Make no mistake—Collapse is Ruppert’s movie. The entirety of the film’s original footage consists of one long Errol Morris-style interview with him. As Ruppert expounds on his theories about peak oil, government corruption, and the looming collapse of the financial system, Smith uses stock footage and charts and graphs to articulate his points, along with black and white intertitles (“OIL,” “ELECTRICTY,” “COMPOUND INTEREST,”) to help organize the monologue. Ruppert’s theories are certainly provocative, but the majority of his argument shouldn’t come as a surprise to anyone who’s spent more than a few hours trawling the internet. What’s really compelling about Ruppert is the way he’s able to synthesize all of these issues (his take on the financial system, for example, is as succinct as it is devastating) and convincingly explain what their long term effects might be. Smith’s film doesn’t go out of its way to fact check anything he says, but it’s easy to see why Ruppert might intimidate those in power: he’s scary-articulate, well-read, and comes from a respectable family of former military/CIA workers. He’s the kind of guy you’d like to write off as a crank (and many people have), but he’s just so damned erudite, so rational even when presenting his most bizarre theories, that you can’t avoid letting at least some of his ideas seep into your subconscious.

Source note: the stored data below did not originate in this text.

(* Let $\{K_t\}_{t\in(-\infty,T)}$ be a compact convex ancient solution of the planar affine normal flow shrinking to the origin as $t\to T$. Then the affine support function $\sigma(\theta,t)=s(\theta,t)\,\mathfrak{r}^{1/3}(\theta,t)$, viewed as a function of the normal angle $\theta$, satisfies $\partial_t\sigma\le 0$ for all $\theta$ and $t<T$.
   Context: Planar affine normal flow: smooth strictly convex bodies $K_t$ with boundaries evolving by $\partial_t X=-\kappa^{1/3}\nu$ ($\kappa$ curvature, $\nu$ outer unit normal); equivalently, up to tangential reparametrization, $\partial_t X=\mathfrak{n}$, where $\mathfrak{n}=\gamma_{\mathfrak{s}\mathfrak{s}}$ is the affine normal and $\mathfrak{s}$ the affine arc-length. Ancient: exists on $(-\infty,T)$, $T<\infty$. $s$ is the support function of $K_t$ (with respect to the origin, which is interior to all $K_t$) and $\mathfrak{r}=s_{\theta\theta}+s=1/\kappa$ is the radius of curvature, both as functions of the normal angle $\theta$. *)

theory Defs
  imports "HOL-Analysis.Analysis"
begin

definition supp_fun :: "(real \<times> real) set \<Rightarrow> real \<Rightarrow> real" where
  "supp_fun K \<theta> = Sup ((\<lambda>p. (cos \<theta>, sin \<theta>) \<bullet> p) ` K)"

text \<open>C-infinity smoothness of a real function of two real variables on a set U
  (used with U open): f is differentiable at every point of U, and both partial
  derivatives are again smooth on U.\<close>
coinductive smooth2_on :: "(real \<times> real) set \<Rightarrow> (real \<times> real \<Rightarrow> real) \<Rightarrow> bool" where
  "\<lbrakk> \<forall>x\<in>U. (f has_derivative (\<lambda>h. g1 x * fst h + g2 x * snd h)) (at x);
     smooth2_on U g1; smooth2_on U g2 \<rbrakk> \<Longrightarrow> smooth2_on U f"

definition radius_curv :: "(real \<Rightarrow> real \<Rightarrow> real) \<Rightarrow> real \<Rightarrow> real \<Rightarrow> real" where
  "radius_curv s \<theta> t = deriv (deriv (\<lambda>\<phi>. s \<phi> t)) \<theta> + s \<theta> t"

text \<open>Ancient solution of the planar affine normal flow on (-infinity, T): a family of
  compact convex bodies containing the origin in their interior, whose support function
  is smooth in (theta, t), strictly convex (r > 0), and evolves by
  d/dt s = - kappa^(1/3) = - r^(-1/3), which is the support-function form of
  d/dt X = - kappa^(1/3) nu.\<close>
definition ancient_ANF :: "(real \<Rightarrow> (real \<times> real) set) \<Rightarrow> real \<Rightarrow> bool" where
  "ancient_ANF K T \<longleftrightarrow>
     (\<forall>t<T. compact (K t) \<and> convex (K t) \<and> (0::real\<times>real) \<in> interior (K t)) \<and>
     smooth2_on (UNIV \<times> {..<T}) (\<lambda>(\<theta>, t). supp_fun (K t) \<theta>) \<and>
     (\<forall>\<theta> t. t < T \<longrightarrow> radius_curv (\<lambda>\<theta> t. supp_fun (K t) \<theta>) \<theta> t > 0) \<and>
     (\<forall>\<theta> t. t < T \<longrightarrow>
        ((\<lambda>\<tau>. supp_fun (K \<tau>) \<theta>) has_real_derivative
            - ((radius_curv (\<lambda>\<theta> t. supp_fun (K t) \<theta>) \<theta> t) powr (-1/3))) (at t))"

text \<open>K_t shrinks to the origin as t tends to T (Hausdorff convergence to the point 0;
  since 0 lies in every K_t, this amounts to K_t lying in arbitrarily small balls).\<close>
definition shrinks_to_origin :: "(real \<Rightarrow> (real \<times> real) set) \<Rightarrow> real \<Rightarrow> bool" where
  "shrinks_to_origin K T \<longleftrightarrow>
     (\<forall>\<epsilon>>0. \<exists>t0<T. \<forall>t. t0 < t \<and> t < T \<longrightarrow> K t \<subseteq> cball 0 \<epsilon>)"

definition affine_supp :: "(real \<Rightarrow> (real \<times> real) set) \<Rightarrow> real \<Rightarrow> real \<Rightarrow> real" where
  "affine_supp K \<theta> t = supp_fun (K t) \<theta> * (radius_curv (\<lambda>\<theta> t. supp_fun (K t) \<theta>) \<theta> t) powr (1/3)"

end

theory Submission
  imports Defs "HOL-Library.Periodic_Fun"
begin

text \<open>Write \<open>u = r\<^sup>-\<^sup>1\<^sup>/\<^sup>3 = -\<partial>\<^sub>t s\<close> for the normal speed. Differentiating \<open>r u\<^sup>3 = 1\<close> in time
  gives \<open>3 u\<^sub>t = u\<^sup>4 (u\<^sub>\<theta>\<^sub>\<theta> + u)\<close>, and \<open>u\<^sub>t\<close> satisfies the linearisation of this equation.
  For \<open>t\<^sub>0 < t\<close> the barrier \<open>u\<^sub>t + u / (2 (t - t\<^sub>0))\<close> is positive just after \<open>t\<^sub>0\<close>, and at a
  first zero the two equations would force it to increase; so it stays positive (a Harnack
  estimate). As the solution is ancient, \<open>t\<^sub>0 \<rightarrow> -\<infinity>\<close> gives \<open>u\<^sub>t \<ge> 0\<close>. Finally \<open>\<sigma> = s / u\<close>,
  so \<open>\<sigma>\<^sub>t = -1 - s u\<^sub>t / u\<^sup>2 \<le> 0\<close> because \<open>s \<ge> 0\<close>.\<close>

definition partial1 :: "(real \<times> real \<Rightarrow> real) \<Rightarrow> real \<times> real \<Rightarrow> real" where
  "partial1 f x = deriv (\<lambda>\<phi>. f (\<phi>, snd x)) (fst x)"

definition partial2 :: "(real \<times> real \<Rightarrow> real) \<Rightarrow> real \<times> real \<Rightarrow> real" where
  "partial2 f x = deriv (\<lambda>\<tau>. f (fst x, \<tau>)) (snd x)"

lemma has_derivative_imp_partial1:
  assumes "(f has_derivative (\<lambda>h. A * fst h + B * snd h)) (at (a, b))"
  shows "((\<lambda>\<phi>. f (\<phi>, b)) has_real_derivative A) (at a)"
proof -
  have "((\<lambda>\<phi>. (\<phi>, b)) has_derivative (\<lambda>h. (h, 0))) (at a)"
    by (auto intro!: derivative_eq_intros)
  from has_derivative_compose[OF this assms]
  show ?thesis by (simp add: has_field_derivative_def mult_commute_abs)
qed
lemma edge_weight_le_gamma: "e \<in> E \<Longrightarrow> e \<subseteq> S \<Longrightarrow> w e \<le> gamma E w S"
  using matching_weight_le_gamma[of S "{e}"] by (simp add: matching_in_def)

lemma gamma_nonneg: "0 \<le> gamma E w S"
  using matching_weight_le_gamma[OF matching_empty] by simp

lemma matching_in_Un:
  assumes M: "matching_in E A M" and N: "matching_in E B N" and AB: "A \<inter> B = {}"
  shows "matching_in E (A \<union> B) (M \<union> N)" "M \<inter> N = {}"
proof -
  have apart: "e \<inter> f = {}" if "e \<in> M" "f \<in> N" for e f
  proof -
    have "e \<subseteq> A" "f \<subseteq> B" using M N that unfolding matching_in_def by auto
    thus ?thesis using AB by blast
  qed
  show "M \<inter> N = {}"
  proof (rule ccontr)
    assume "M \<inter> N \<noteq> {}"
    then obtain e where "e \<in> M" "e \<in> N" "e \<in> E" using M unfolding matching_in_def by blast
    thus False using apart[of e e] by (auto elim: edgeE)
  qed
  have "e \<inter> f = {}" if "e \<in> M \<union> N" "f \<in> M \<union> N" "e \<noteq> f" for e f
  proof (cases "e \<in> M")
    case True
    thus ?thesis using M apart[of e f] that unfolding matching_in_def by blast
  next
    case False
    thus ?thesis using N apart[of f e] that unfolding matching_in_def by (blast intro: Int_commute)
  qed
  moreover have "M \<union> N \<subseteq> E" "\<forall>e\<in>M \<union> N. e \<subseteq> A \<union> B"
    using M N unfolding matching_in_def by auto
  ultimately show "matching_in E (A \<union> B) (M \<union> N)"
    unfolding matching_in_def by blast
qed

lemma gamma_disjoint_Un:
  assumes "A \<inter> B = {}"
  shows "gamma E w A + gamma E w B \<le> gamma E w (A \<union> B)"
proof -
  obtain M where M: "matching_in E A M" "gamma E w A = sum w M"
    using gamma_attained[of A] by auto
  obtain N where N: "matching_in E B N" "gamma E w B = sum w N"
    using gamma_attained[of B] by auto
  have "finite M" "finite N"
    using M(1) N(1) finite_subset[OF _ finite_E] unfolding matching_in_def by auto
  hence "sum w M + sum w N = sum w (M \<union> N)"
    using matching_in_Un(2)[OF M(1) N(1) assms] by (simp add: sum.union_disjoint)
  also have "\<dots> \<le> gamma E w (A \<union> B)"
    using matching_in_Un(1)[OF M(1) N(1) assms] by (rule matching_weight_le_gamma)
  finally show ?thesis using M(2) N(2) by simp
qed

lemma gamma_sum_le_UN:
  assumes "finite I" "\<And>i j. i \<in> I \<Longrightarrow> j \<in> I \<Longrightarrow> i \<noteq> j \<Longrightarrow> A i \<inter> A j = {}"
  shows "(\<Sum>i\<in>I. gamma E w (A i)) \<le> gamma E w (\<Union>i\<in>I. A i)"
  using assms
proof (induction I rule: finite_induct)
  case empty
  show ?case using gamma_nonneg by simp
next
  case (insert i I)
  have "(\<Sum>j\<in>insert i I. gamma E w (A j)) \<le> gamma E w (A i) + gamma E w (\<Union>j\<in>I. A j)"
    using insert by simp
  also have "\<dots> \<le> gamma E w (\<Union>j\<in>insert i I. A j)"
    using gamma_disjoint_Un[of "A i" "\<Union>j\<in>I. A j"] insert by auto
  finally show ?case .
qed

lemma matching_in_small_set:
  assumes "matching_in E T M" "finite T" "card T \<le> 3"
  shows "M = {} \<or> (\<exists>e. M = {e})"
proof (rule ccontr)
  assume "\<not> ?thesis"
  then obtain e f where ef: "e \<in> M" "f \<in> M" "e \<noteq> f" by blast
  have E: "e \<in> E" "f \<in> E" "e \<subseteq> T" "f \<subseteq> T" "e \<inter> f = {}"
    using assms(1) ef unfolding matching_in_def by auto
  have "card e = 2" "card f = 2"
    using E(1,2) by (auto elim!: edgeE)
  hence "card (e \<union> f) = 4"
    using E(5) card_Un_disjoint[of e f] card.infinite[of e] by fastforce
  moreover have "card (e \<union> f) \<le> card T"
    using E assms(2) by (intro card_mono) auto
  ultimately show False using assms(3) by simp
qed

lemma gamma_small_set:
  assumes "finite T" "card T \<le> 3"
  shows "gamma E w T = 0 \<or> (\<exists>e\<in>E. e \<subseteq> T \<and> gamma E w T = w e)"
proof -
  obtain M where M: "matching_in E T M" "gamma E w T = sum w M"
    using gamma_attained[of T] by auto
  from matching_in_small_set[OF M(1) assms] show ?thesis
  proof
    assume "\<exists>e. M = {e}"
    then obtain e where "M = {e}" by blast
    thus ?thesis using M unfolding matching_in_def by auto
  qed (use M in simp)
qed

lemma gamma_triple_le:
  assumes "\<And>e. e \<in> E \<Longrightarrow> e \<subseteq> {p, q, r} \<Longrightarrow> w e \<le> m" "0 \<le> m"
  shows "gamma E w {p, q, r} \<le> m"
proof -
  have "card {p, q, r} \<le> 3" by (simp add: card_insert_if)
  thus ?thesis using gamma_small_set[of "{p, q, r}"] assms by auto
qed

It’s no surprise that Ruppert’s personal character helps dictate how you interpret his message, because at it its heart, Collapse is nothing if not an in-depth character study of a man who has dedicated his life to signaling the alarm about where he believes our planet is headed. It’s especially telling that Smith includes no other interviews outside of Ruppert. None of his critics are given the space to rebut him; none of his ideas are backed up by scientific testimony. It’s just Ruppert. And even though he’s a compelling interview, you can’t help but begin to think that Smith is giving him just enough rope to hang himself. Early in the film, Ruppert is unflappable, listing off bullet points and quoting scholars and scientific facts as though he’s reading them from a book. But as the film progresses he starts to loosen up a bit. His rant becomes more profanity-laced; he smokes more; he even cries on camera. Whether this was a natural progression or just a bit of clever editing on Smith’s part is hard to say, but it is incredibly revealing. We start to see just how personally invested Ruppert is in his quest. By this point we’ve already learned about the sacrifices he’s made in its service (he claims to have been shot at; his office has been burglarized; he’s been harassed; and we’re told he’s in financial trouble), but it’s when we begin to realize the psychic toll it’s taken on him that it becomes clear that Collapse is really more about the man than it is the message. Ruppert’s theories of societal collapse may or not prove to be true, the filmmakers seem to be saying, but there’s no denying that its effects are already far too apparent in his own life.